Search
Question: Question: How can I filter a vcf file by DP and GQ using the R package VariantAnnotation?
0
3.5 years ago by
r.jaffe0
Brazil
r.jaffe0 wrote:

Hi guys, need some help filtering my vcf files with the VariantAnnotation package (v1.12.9) from Bioconductor. I have a vcf file (v4.2) containing 28238 SNPs for 160 individuals, and I'm running R version 3.1.3 I opened my file and ran:

hist(geno(vcf)$DP) ##check the distribution of Read Depth hist(geno(vcf)$GQ) ##check the distribution of Phred-Scaled Genotype Quality

I then tried to filter out all samples with a DP<10 and a GQ<20 and create a new vcf file:

vcf2 <- vcf[geno(vcf)$DP>10 && geno(vcf)$GQ>20]

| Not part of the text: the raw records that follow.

(* Let $f:\mathbb{R}^n \to \mathbb{R}$ be strongly convex and piecewise linear-quadratic, with a fixed representation by polyhedral sets $F_1,\dots,F_p$ as described in the context, and let $C \subset \mathbb{R}^n$ be a nonempty closed convex set such that for every $x \in \mathbb{R}^n$ with $F_x \cap C \neq \emptyset$ the collection $\{F_x,C\}$ is boundedly linearly regular. Then for every $R>0$ there exists $L>0$ such that for all $x \in B_R$ and all $x^* \in \partial f(x)$, \[ \operatorname{dist}_f^{x^*}(x,C)^2 \le L \cdot \operatorname{dist}(x, C)^2 . \]
   Context: $f$ is strongly convex if there is $\alpha>0$ with $f(y)\ge f(x)+\langle x^*,y-x\rangle+\frac{\alpha}{2}\|y-x\|_2^2$ for all $x,y\in\mathbb{R}^n$, $x^*\in\partial f(x)$. A convex $f:\mathbb{R}^n\to\mathbb{R}$ is piecewise linear-quadratic if there are finitely many polyhedral sets $F_i\subset\mathbb{R}^n$, $i\in I=\{1,\dots,p\}$, whose union is $\mathbb{R}^n$, such that on each $F_i$, $f(x)=\frac12\langle x,A_ix\rangle+\langle a_i,x\rangle+\alpha_i$ with symmetric positive semidefinite $A_i$, $a_i\in\mathbb{R}^n$, $\alpha_i\in\mathbb{R}$. For $x\in\mathbb{R}^n$ set $I_f(x)=\{i: x\in F_i\}$ and $F_x=\bigcap_{i\in I_f(x)}F_i$. $B_R=\{x:\|x\|_2\le R\}$. A collection of closed convex sets $C_1,\dots,C_r$ with nonempty intersection $D=\bigcap_i C_i$ is boundedly linearly regular if for every $R>0$ there is $\gamma>0$ with $\operatorname{dist}(x,D)^2\le\gamma\sum_{i=1}^r\operatorname{dist}(x,C_i)^2$ for all $x\in B_R$ ($\operatorname{dist}$ = Euclidean distance). For $x^*\in\partial f(x)$, $D_f^{x^*}(x,y)=f(y)-f(x)-\langle x^*,y-x\rangle$ and $\operatorname{dist}_f^{x^*}(x,C)^2:=\min_{y\in C}D_f^{x^*}(x,y)$. *)

theory Defs
  imports "HOL-Analysis.Analysis"
begin

definition subdiff :: "('a::real_inner \<Rightarrow> real) \<Rightarrow> 'a \<Rightarrow> 'a set" where
  "subdiff f x = {s. \<forall>y. f y \<ge> f x + inner s (y - x)}"
lemma eigensp_E1_iff:
  "g \<in> eigensp E1 line_adj t \<longleftrightarrow> (\<forall>e. e \<notin> E1 \<longrightarrow> g e = 0) \<and> (\<forall>e\<in>E1. line_mult g e = t * g e)"
  unfolding eigensp_def line_mult_def by blast

definition layer_part :: "nat \<Rightarrow> (('a \<times> nat) set \<Rightarrow> real) \<Rightarrow> 'a set \<Rightarrow> real" where
  "layer_part i w e = (if e \<in> E1 then w (layer i e) else 0)"

definition rung_part :: "(('a \<times> nat) set \<Rightarrow> real) \<Rightarrow> 'a \<Rightarrow> real" where
  "rung_part w x = w (rung x)"

lemma prism_vec_parts:
  assumes "w \<in> eigensp EP line_adj t"
  shows "w = prism_vec (layer_part 1 w) (layer_part 2 w) (rung_part w)"
  using assms by (intro prism_vec_eqI) (auto simp: eigensp_def layer_part_def rung_part_def)

lemma eigen_equations_parts:
  assumes "w \<in> eigensp EP line_adj t"
  shows "e \<in> E1 \<Longrightarrow> line_mult (layer_part 1 w) e + incid_T (rung_part w) e = t * layer_part 1 w e"
    and "e \<in> E1 \<Longrightarrow> line_mult (layer_part 2 w) e + incid_T (rung_part w) e = t * layer_part 2 w e"
    and "x \<in> V1 \<Longrightarrow> incid (\<lambda>e. layer_part 1 w e + layer_part 2 w e) x = t * rung_part w x"
proof -
  from assms have "prism_vec (layer_part 1 w) (layer_part 2 w) (rung_part w) \<in> eigensp EP line_adj t"
    by (subst (asm) prism_vec_parts[OF assms])
  then show "e \<in> E1 \<Longrightarrow> line_mult (layer_part 1 w) e + incid_T (rung_part w) e = t * layer_part 1 w e"
    and "e \<in> E1 \<Longrightarrow> line_mult (layer_part 2 w) e + incid_T (rung_part w) e = t * layer_part 2 w e"
    and "x \<in> V1 \<Longrightarrow> incid (\<lambda>e. layer_part 1 w e + layer_part 2 w e) x = t * rung_part w x"
    unfolding eigensp_prism_vec_iff by blast+
qed

lemma layer_parts_diff_eigensp:
  assumes "w \<in> eigensp EP line_adj t"
  shows "(\<lambda>e. layer_part 1 w e - layer_part 2 w e) \<in> eigensp E1 line_adj t"
proof -
  have "line_mult (\<lambda>e. layer_part 1 w e - layer_part 2 w e) e =
      t * (layer_part 1 w e - layer_part 2 w e)" if "e \<in> E1" for e
    using eigen_equations_parts(1,2)[OF assms that] unfolding line_mult_diff right_diff_distrib
    by linarith
  then show ?thesis
    unfolding eigensp_E1_iff by (simp add: layer_part_def)
qed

The problem is that this code does not seem to be working, because both files have exactly the same dimensions:

dim(vcf) ##28238 160
dim(vcf2) ##28238 160

So my questions are: 1)How can I filter vcf files by DP and GQ?? 2)Is it better to eliminate SNPs that have low DP & GQ, or to re-code genotypes with low DP and GQ as missing genotypes (./.)? Any help would be much appreciated, thanks! Rodolfo

modified 3.5 years ago by Valerie Obenchain ♦♦ 6.6k • written 3.5 years ago by r.jaffe0

In this statement geno(vcf)$DP>10 && geno(vcf)$GQ>20 you combine the comparisons with &&. In R this is does a scalar comparison of the first element (it seems like R should at least warn here, but it doesn't).

> x = 1:5; y = 5:1
> x < 3 && y > 2
[1] TRUE


If it's 'TRUE', then recycling kicks in and you select ALL elements.

> x[ x < 3 && y > 2 ]
[1] 1 2 3 4 5

On the other hand a single & does a vectorized operation, and you select just the ones you're interested in!

>  x < 3 & y > 2
[1]  TRUE  TRUE FALSE FALSE FALSE
> x[ x < 3 & y > 2]
[1] 1 2

So

vcf2 <- vcf[geno(vcf)$DP>10 & geno(vcf)$GQ>20]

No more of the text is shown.